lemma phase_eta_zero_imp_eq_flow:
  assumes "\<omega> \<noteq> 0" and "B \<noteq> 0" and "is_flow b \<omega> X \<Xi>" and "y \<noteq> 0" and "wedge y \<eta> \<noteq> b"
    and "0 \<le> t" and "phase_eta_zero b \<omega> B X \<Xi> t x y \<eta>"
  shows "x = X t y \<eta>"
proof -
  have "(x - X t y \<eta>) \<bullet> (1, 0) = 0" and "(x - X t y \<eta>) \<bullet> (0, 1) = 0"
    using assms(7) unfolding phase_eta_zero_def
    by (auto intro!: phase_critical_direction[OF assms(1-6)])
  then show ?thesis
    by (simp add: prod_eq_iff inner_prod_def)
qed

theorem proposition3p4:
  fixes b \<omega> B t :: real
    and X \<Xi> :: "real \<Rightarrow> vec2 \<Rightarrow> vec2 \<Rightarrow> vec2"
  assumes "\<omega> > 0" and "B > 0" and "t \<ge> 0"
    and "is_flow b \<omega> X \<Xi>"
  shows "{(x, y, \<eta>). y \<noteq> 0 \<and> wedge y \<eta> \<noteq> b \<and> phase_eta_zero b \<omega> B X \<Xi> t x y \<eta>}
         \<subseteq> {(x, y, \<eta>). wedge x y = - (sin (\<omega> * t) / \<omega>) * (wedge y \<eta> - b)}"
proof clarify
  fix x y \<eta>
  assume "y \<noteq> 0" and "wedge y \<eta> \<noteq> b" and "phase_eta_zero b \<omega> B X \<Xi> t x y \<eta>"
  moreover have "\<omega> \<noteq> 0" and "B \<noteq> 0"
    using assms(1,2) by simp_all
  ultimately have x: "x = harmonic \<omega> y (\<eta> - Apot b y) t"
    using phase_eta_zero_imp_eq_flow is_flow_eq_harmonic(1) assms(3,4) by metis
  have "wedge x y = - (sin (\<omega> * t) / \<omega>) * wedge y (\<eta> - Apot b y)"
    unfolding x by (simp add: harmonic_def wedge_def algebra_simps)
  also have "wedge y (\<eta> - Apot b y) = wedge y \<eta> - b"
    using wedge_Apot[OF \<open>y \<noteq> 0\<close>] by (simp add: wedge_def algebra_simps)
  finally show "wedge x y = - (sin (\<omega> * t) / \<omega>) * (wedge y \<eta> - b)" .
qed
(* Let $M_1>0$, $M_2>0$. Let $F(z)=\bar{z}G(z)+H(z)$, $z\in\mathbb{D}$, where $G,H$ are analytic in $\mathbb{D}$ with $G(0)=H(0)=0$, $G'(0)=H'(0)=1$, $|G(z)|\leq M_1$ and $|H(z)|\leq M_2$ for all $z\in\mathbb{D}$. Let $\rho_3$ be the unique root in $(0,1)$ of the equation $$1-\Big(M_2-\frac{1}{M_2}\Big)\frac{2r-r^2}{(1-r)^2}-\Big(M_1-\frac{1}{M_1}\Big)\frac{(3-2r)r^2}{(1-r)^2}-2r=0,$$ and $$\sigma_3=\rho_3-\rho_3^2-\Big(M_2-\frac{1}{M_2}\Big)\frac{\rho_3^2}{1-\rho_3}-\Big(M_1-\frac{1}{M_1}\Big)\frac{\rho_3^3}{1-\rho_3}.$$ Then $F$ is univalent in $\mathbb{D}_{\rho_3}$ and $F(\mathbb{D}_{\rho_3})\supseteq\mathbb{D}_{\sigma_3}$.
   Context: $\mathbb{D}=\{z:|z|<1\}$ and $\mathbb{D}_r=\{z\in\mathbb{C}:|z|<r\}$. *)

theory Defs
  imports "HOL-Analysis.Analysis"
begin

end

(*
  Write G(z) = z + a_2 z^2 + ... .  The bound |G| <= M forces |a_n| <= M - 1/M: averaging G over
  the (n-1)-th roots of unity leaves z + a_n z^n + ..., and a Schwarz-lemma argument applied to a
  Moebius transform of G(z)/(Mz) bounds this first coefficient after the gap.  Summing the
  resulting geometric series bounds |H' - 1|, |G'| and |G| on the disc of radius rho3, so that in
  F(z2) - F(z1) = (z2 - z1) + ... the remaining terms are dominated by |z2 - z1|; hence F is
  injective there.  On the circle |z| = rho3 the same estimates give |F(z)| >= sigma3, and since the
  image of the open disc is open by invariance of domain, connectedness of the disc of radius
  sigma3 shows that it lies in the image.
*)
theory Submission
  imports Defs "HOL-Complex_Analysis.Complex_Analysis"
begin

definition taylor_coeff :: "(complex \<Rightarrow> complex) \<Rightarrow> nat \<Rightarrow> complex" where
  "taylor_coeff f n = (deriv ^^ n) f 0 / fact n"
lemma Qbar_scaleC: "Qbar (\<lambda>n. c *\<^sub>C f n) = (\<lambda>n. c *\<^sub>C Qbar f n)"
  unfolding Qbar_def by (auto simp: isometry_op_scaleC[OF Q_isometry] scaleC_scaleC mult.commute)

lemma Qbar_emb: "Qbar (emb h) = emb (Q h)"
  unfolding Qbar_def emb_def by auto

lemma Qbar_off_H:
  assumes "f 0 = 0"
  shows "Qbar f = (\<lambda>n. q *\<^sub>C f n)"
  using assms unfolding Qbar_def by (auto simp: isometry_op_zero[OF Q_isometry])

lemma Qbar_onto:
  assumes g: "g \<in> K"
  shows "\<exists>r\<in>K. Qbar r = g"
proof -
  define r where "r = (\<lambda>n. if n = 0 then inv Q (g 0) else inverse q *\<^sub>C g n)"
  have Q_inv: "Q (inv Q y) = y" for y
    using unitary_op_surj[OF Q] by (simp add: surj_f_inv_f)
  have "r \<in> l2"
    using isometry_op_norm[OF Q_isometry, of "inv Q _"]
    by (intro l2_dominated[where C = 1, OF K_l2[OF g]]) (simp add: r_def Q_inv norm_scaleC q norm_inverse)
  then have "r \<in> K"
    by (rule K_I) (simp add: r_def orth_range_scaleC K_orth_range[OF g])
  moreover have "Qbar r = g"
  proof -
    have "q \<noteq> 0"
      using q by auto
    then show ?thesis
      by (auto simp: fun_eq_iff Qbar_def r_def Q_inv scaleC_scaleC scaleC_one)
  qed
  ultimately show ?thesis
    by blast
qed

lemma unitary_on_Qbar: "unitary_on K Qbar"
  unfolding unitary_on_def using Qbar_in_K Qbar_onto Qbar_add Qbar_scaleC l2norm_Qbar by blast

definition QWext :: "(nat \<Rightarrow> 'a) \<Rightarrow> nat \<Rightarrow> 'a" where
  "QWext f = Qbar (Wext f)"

· · · · · · ·

About this exercise => Find each line holding the string "moreover" in the listing above, then copy it.

Your response =>
  moreover have "\<omega> \<noteq> 0" and "B \<noteq> 0"
  moreover have "Qbar r = g"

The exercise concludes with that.